__Aim of the task__
Start at the line below containing "g) \<cdot> (idm" and stop at the line containing "qed (use X g in simp_all)". Repeat every line of that stretch exactly, and nothing outside it.

__Provided records__
lemma fusion_inv_conj: assumes X1: "X1 \<in> Ob" "Y1 \<in> Ob" and X2: "X2 \<in> Ob" "Y2 \<in> Ob"
  and A: "ar A" "dm A = To (X2 \<odot> To Y2)" "cd A = To (X1 \<odot> To Y1)"
  and B: "ar B" "dm B = To X2 \<odot> To Y2" "cd B = To X1 \<odot> To Y1"
  and eq: "fusion X1 Y1 \<cdot> A = B \<cdot> fusion X2 Y2"
  shows "fusion_inv X1 Y1 \<cdot> B = A \<cdot> fusion_inv X2 Y2"
proof -
  note i1 = fusion_inv_prop[OF X1] and i2 = fusion_inv_prop[OF X2]
  have "fusion_inv X1 Y1 \<cdot> B = fusion_inv X1 Y1 \<cdot> B \<cdot> fusion X2 Y2 \<cdot> fusion_inv X2 Y2"
    using i1 i2 A B X1 X2 by simp
  also have "\<dots> = fusion_inv X1 Y1 \<cdot> fusion X1 Y1 \<cdot> A \<cdot> fusion_inv X2 Y2"
    using A B X1 X2 by (simp add: comp_reassoc[OF eq[symmetric]])
  also have "\<dots> = A \<cdot> fusion_inv X2 Y2"
    using i1 i2 A B X1 X2 by (simp add: comp_reassoc[OF i1(4)])
  finally show ?thesis .
qed

lemma fusion_inv_nat_l: assumes f: "ar f" and Y: "Y \<in> Ob"
  shows "fusion_inv (cd f) Y \<cdot> (Tm f \<otimes> idm (To Y)) = Tm (f \<otimes> idm (To Y)) \<cdot> fusion_inv (dm f) Y"
proof (rule fusion_inv_conj)
  have "fusion (cd f) Y \<cdot> Tm (f \<otimes> idm (To Y))
      = (idm (To (cd f)) \<otimes> Mu Y) \<cdot> (Tm f \<otimes> Tm (idm (To Y))) \<cdot> T2 (dm f) (To Y)"
    unfolding fusion_def using f Y by (simp add: t2_nat comp_reassoc[OF t2_nat])
  then show "fusion (cd f) Y \<cdot> Tm (f \<otimes> idm (To Y)) = (Tm f \<otimes> idm (To Y)) \<cdot> fusion (dm f) Y"
    unfolding fusion_def using f Y by (simp add: interchange interchange_comp)
qed (use f Y in simp_all)

lemma fusion_inv_nat_r: assumes X: "X \<in> Ob" and g: "ar g"
  shows "fusion_inv X (cd g) \<cdot> (idm (To X) \<otimes> Tm g) = Tm (idm X \<otimes> Tm g) \<cdot> fusion_inv X (dm g)"
proof (rule fusion_inv_conj)
  have "fusion X (cd g) \<cdot> Tm (idm X \<otimes> Tm g)
      = (idm (To X) \<otimes> Mu (cd g)) \<cdot> (Tm (idm X) \<otimes> Tm (Tm g)) \<cdot> T2 X (To (dm g))"
    unfolding fusion_def using X g by (simp add: t2_nat comp_reassoc[OF t2_nat])
  also have "\<dots> = (idm (To X) \<otimes> (Mu (cd g) \<cdot> Tm (Tm g))) \<cdot> T2 X (To (dm g))"
    using X g by (simp add: interchange interchange_comp)
  finally show "fusion X (cd g) \<cdot> Tm (idm X \<otimes> Tm g) = (idm (To X) \<otimes> Tm g) \<cdot> fusion X (dm g)"
    unfolding fusion_def using X g by (simp add: interchange interchange_comp mu_nat[OF _ refl refl])
qed (use X g in simp_all)

lemma fusion_inv_mu: assumes X: "X \<in> Ob" and Y: "Y \<in> Ob"
  shows "fusion_inv X Y \<cdot> (idm (To X) \<otimes> Mu Y) = Tm (idm X \<otimes> Mu Y) \<cdot> fusion_inv X (To Y)"
proof (rule fusion_inv_conj)
  have "fusion X Y \<cdot> Tm (idm X \<otimes> Mu Y) = (idm (To X) \<otimes> Mu Y) \<cdot> (Tm (idm X) \<otimes> Tm (Mu Y)) \<cdot> T2 X (To (To Y))"
    unfolding fusion_def using X Y by (simp add: t2_nat comp_reassoc[OF t2_nat])
  also have "\<dots> = (idm (To X) \<otimes> (Mu Y \<cdot> Tm (Mu Y))) \<cdot> T2 X (To (To Y))"
    using X Y by (simp add: interchange interchange_comp)
  finally show "fusion X Y \<cdot> Tm (idm X \<otimes> Mu Y) = (idm (To X) \<otimes> Mu Y) \<cdot> fusion X (To Y)"
    unfolding fusion_def using X Y by (simp add: interchange interchange_comp mu_assoc)
qed (use X Y in simp_all)

lemma fusion_inv_t2: assumes X: "X \<in> Ob" and Y: "Y \<in> Ob"
  shows "fusion_inv X Y \<cdot> T2 X Y = Tm (idm X \<otimes> Eta Y)"
proof -
  note i = fusion_inv_prop[OF X Y]
  have "fusion X Y \<cdot> Tm (idm X \<otimes> Eta Y) = (idm (To X) \<otimes> Mu Y) \<cdot> (Tm (idm X) \<otimes> Tm (Eta Y)) \<cdot> T2 X Y"
    unfolding fusion_def using X Y by (simp add: t2_nat comp_reassoc[OF t2_nat])
  then have "fusion X Y \<cdot> Tm (idm X \<otimes> Eta Y) = T2 X Y"
    using X Y by (simp add: interchange interchange_comp)
  then have "fusion_inv X Y \<cdot> T2 X Y = fusion_inv X Y \<cdot> fusion X Y \<cdot> Tm (idm X \<otimes> Eta Y)" by simp
  also have "\<dots> = Tm (idm X \<otimes> Eta Y)" using i X Y by (simp add: comp_reassoc[OF i(4)])
  finally show ?thesis .
qed

definition antipode_transposed :: "'o \<Rightarrow> 'o \<Rightarrow> 'm" where
  "antipode_transposed X Y = Tm (Ev (To X) Y) \<cdot> fusion_inv (Ih (To X) Y) X \<cdot> (idm (To (Ih (To X) Y)) \<otimes> Eta X)"

lemma antipode_transposed_ar[simp]: "X \<in> Ob \<Longrightarrow> Y \<in> Ob \<Longrightarrow> ar (antipode_transposed X Y)"
  and antipode_transposed_dm[simp]: "X \<in> Ob \<Longrightarrow> Y \<in> Ob \<Longrightarrow> dm (antipode_transposed X Y) = To (Ih (To X) Y) \<odot> X"
  and antipode_transposed_cd[simp]: "X \<in> Ob \<Longrightarrow> Y \<in> Ob \<Longrightarrow> cd (antipode_transposed X Y) = To Y"
  unfolding antipode_transposed_def by simp_all

lemma antipode_transposed_nat:
  assumes f: "ar f" "dm f = X'" "cd f = X" and g: "ar g" "dm g = Y" "cd g = Y'"
  shows "antipode_transposed X' Y' \<cdot> (Tm (Ihm (Tm f) g) \<otimes> idm X')
       = Tm g \<cdot> antipode_transposed X Y \<cdot> (idm (To (Ih (To X) Y)) \<otimes> f)"
proof -
  define W where "W = Ih (To X) Y"
  define W' where "W' = Ih (To X') Y'"
  define k where "k = Ihm (Tm f) g"
  have ob: "X \<in> Ob" "X' \<in> Ob" "Y \<in> Ob" "Y' \<in> Ob" "W \<in> Ob" "W' \<in> Ob"
    using f g unfolding W_def W'_def by (metis dm_ob cd_ob ih_ob To_ob)+
  have k: "ar k" "dm k = W" "cd k = W'" unfolding k_def W_def W'_def using f g by simp_all
  have H_l: "fusion_inv W' X' \<cdot> (Tm k \<otimes> idm (To X')) = Tm (k \<otimes> idm (To X')) \<cdot> fusion_inv W X'"
    using fusion_inv_nat_l[OF k(1) ob(2)] k by simp
  have H_r: "fusion_inv W X \<cdot> (idm (To W) \<otimes> Tm f) = Tm (idm W \<otimes> Tm f) \<cdot> fusion_inv W X'"
    using fusion_inv_nat_r[of W f] k f ob by simp
  have ev_k: "Ev (To X') Y' \<cdot> (k \<otimes> idm (To X')) = g \<cdot> Ev (To X) Y \<cdot> (idm W \<otimes> Tm f)"
    unfolding k_def W_def using ihm_ev[of "Tm f" g "To X'" Y' "To X" Y] f g by simp
  have "antipode_transposed X' Y' \<cdot> (Tm k \<otimes> idm X')
      = Tm (Ev (To X') Y') \<cdot> fusion_inv W' X' \<cdot> (Tm k \<otimes> idm (To X')) \<cdot> (idm (To W) \<otimes> Eta X')"
    unfolding antipode_transposed_def using ob k
    by (simp add: W_def[symmetric] W'_def[symmetric] interchange interchange_comp)
  also have "\<dots> = Tm (Ev (To X') Y' \<cdot> (k \<otimes> idm (To X'))) \<cdot> fusion_inv W X' \<cdot> (idm (To W) \<otimes> Eta X')"
    using ob k by (simp add: W_def[symmetric] W'_def[symmetric] comp_reassoc[OF H_l])
  also have "\<dots> = Tm g \<cdot> Tm (Ev (To X) Y) \<cdot> Tm (idm W \<otimes> Tm f) \<cdot> fusion_inv W X' \<cdot> (idm (To W) \<otimes> Eta X')"
    unfolding ev_k using ob k f g W_def by simp
  also have "\<dots> = Tm g \<cdot> Tm (Ev (To X) Y) \<cdot> fusion_inv W X \<cdot> (idm (To W) \<otimes> (Tm f \<cdot> Eta X'))"
    using ob k f g by (simp add: W_def[symmetric] W'_def[symmetric] comp_reassoc[OF H_r[symmetric]] interchange interchange_comp)
  also have "\<dots> = Tm g \<cdot> antipode_transposed X Y \<cdot> (idm (To W) \<otimes> f)"
    unfolding antipode_transposed_def W_def[symmetric] using ob f
    by (simp add: W_def[symmetric] W'_def[symmetric] interchange interchange_comp flip: eta_nat[of f X X'])
  finally show ?thesis unfolding k_def W_def .
qed

lemma antipode_transposed_mu:
  assumes X: "X \<in> Ob" and Y: "Y \<in> Ob"
  shows "antipode_transposed (To X) Y \<cdot> (Tm (Ihm (Mu X) (idm Y)) \<otimes> idm (To X)) \<cdot> T2 (Ih (To X) Y) X
       = Tm (Ev X Y \<cdot> (Ihm (Eta X) (idm Y) \<otimes> idm X))"
proof -
  define W0 where "W0 = Ih (To X) Y"
  define W1 where "W1 = Ih (To (To X)) Y"
  define k where "k = Ihm (Mu X) (idm Y)"
  have ob: "W0 \<in> Ob" "W1 \<in> Ob" unfolding W0_def W1_def using X Y by simp_all
  have k: "ar k" "dm k = W0" "cd k = W1" unfolding k_def W0_def W1_def using X Y by simp_all
  note defs = W0_def[symmetric] W1_def[symmetric]
  have H_l: "fusion_inv W1 (To X) \<cdot> (Tm k \<otimes> idm (To (To X))) = Tm (k \<otimes> idm (To (To X))) \<cdot> fusion_inv W0 (To X)"
    using fusion_inv_nat_l[OF k(1), of "To X"] k X by simp
  have ev_mu: "Tm (Ev (To (To X)) Y) \<cdot> Tm (k \<otimes> idm (To (To X))) = Tm (Ev (To X) Y) \<cdot> Tm (idm W0 \<otimes> Mu X)"
    using ev_dinat[of "Mu X" Y "To X" "To (To X)"] X Y k ob
    unfolding k_def W0_def by (simp flip: Tm_comp)
  have ev_eta: "Tm (Ev (To X) Y) \<cdot> Tm (idm W0 \<otimes> Eta X) = Tm (Ev X Y \<cdot> (Ihm (Eta X) (idm Y) \<otimes> idm X))"
    using ev_dinat[of "Eta X" Y "To X" X] X Y ob unfolding W0_def by (simp flip: Tm_comp)
  have "antipode_transposed (To X) Y \<cdot> (Tm k \<otimes> idm (To X)) \<cdot> T2 W0 X
      = Tm (Ev (To (To X)) Y) \<cdot> fusion_inv W1 (To X) \<cdot> (Tm k \<otimes> idm (To (To X))) \<cdot> (idm (To W0) \<otimes> Eta (To X)) \<cdot> T2 W0 X"
    unfolding antipode_transposed_def using X Y ob k by (simp add: defs interchange interchange_comp)
  also have "\<dots> = Tm (Ev (To X) Y) \<cdot> Tm (idm W0 \<otimes> Mu X) \<cdot> fusion_inv W0 (To X) \<cdot> (idm (To W0) \<otimes> Eta (To X)) \<cdot> T2 W0 X"
    using X Y ob k by (simp add: defs comp_reassoc[OF H_l] comp_reassoc[OF ev_mu])
  also have "\<dots> = Tm (Ev (To X) Y) \<cdot> fusion_inv W0 X \<cdot> T2 W0 X"
    using X Y ob k by (simp add: defs comp_reassoc[OF fusion_inv_mu[symmetric]] interchange interchange_comp)
  also have "\<dots> = Tm (Ev X Y \<cdot> (Ihm (Eta X) (idm Y) \<otimes> idm X))"
    using X Y ob by (simp add: defs fusion_inv_t2 ev_eta)
  finally show ?thesis unfolding W0_def k_def .
qed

__Finished task__
  shows "fusion_inv X (cd g) \<cdot> (idm (To X) \<otimes> Tm g) = Tm (idm X \<otimes> Tm g) \<cdot> fusion_inv X (dm g)"
proof (rule fusion_inv_conj)
  have "fusion X (cd g) \<cdot> Tm (idm X \<otimes> Tm g)
      = (idm (To X) \<otimes> Mu (cd g)) \<cdot> (Tm (idm X) \<otimes> Tm (Tm g)) \<cdot> T2 X (To (dm g))"
    unfolding fusion_def using X g by (simp add: t2_nat comp_reassoc[OF t2_nat])
  also have "\<dots> = (idm (To X) \<otimes> (Mu (cd g) \<cdot> Tm (Tm g))) \<cdot> T2 X (To (dm g))"
    using X g by (simp add: interchange interchange_comp)
  finally show "fusion X (cd g) \<cdot> Tm (idm X \<otimes> Tm g) = (idm (To X) \<otimes> Tm g) \<cdot> fusion X (dm g)"
    unfolding fusion_def using X g by (simp add: interchange interchange_comp mu_nat[OF _ refl refl])
qed (use X g in simp_all)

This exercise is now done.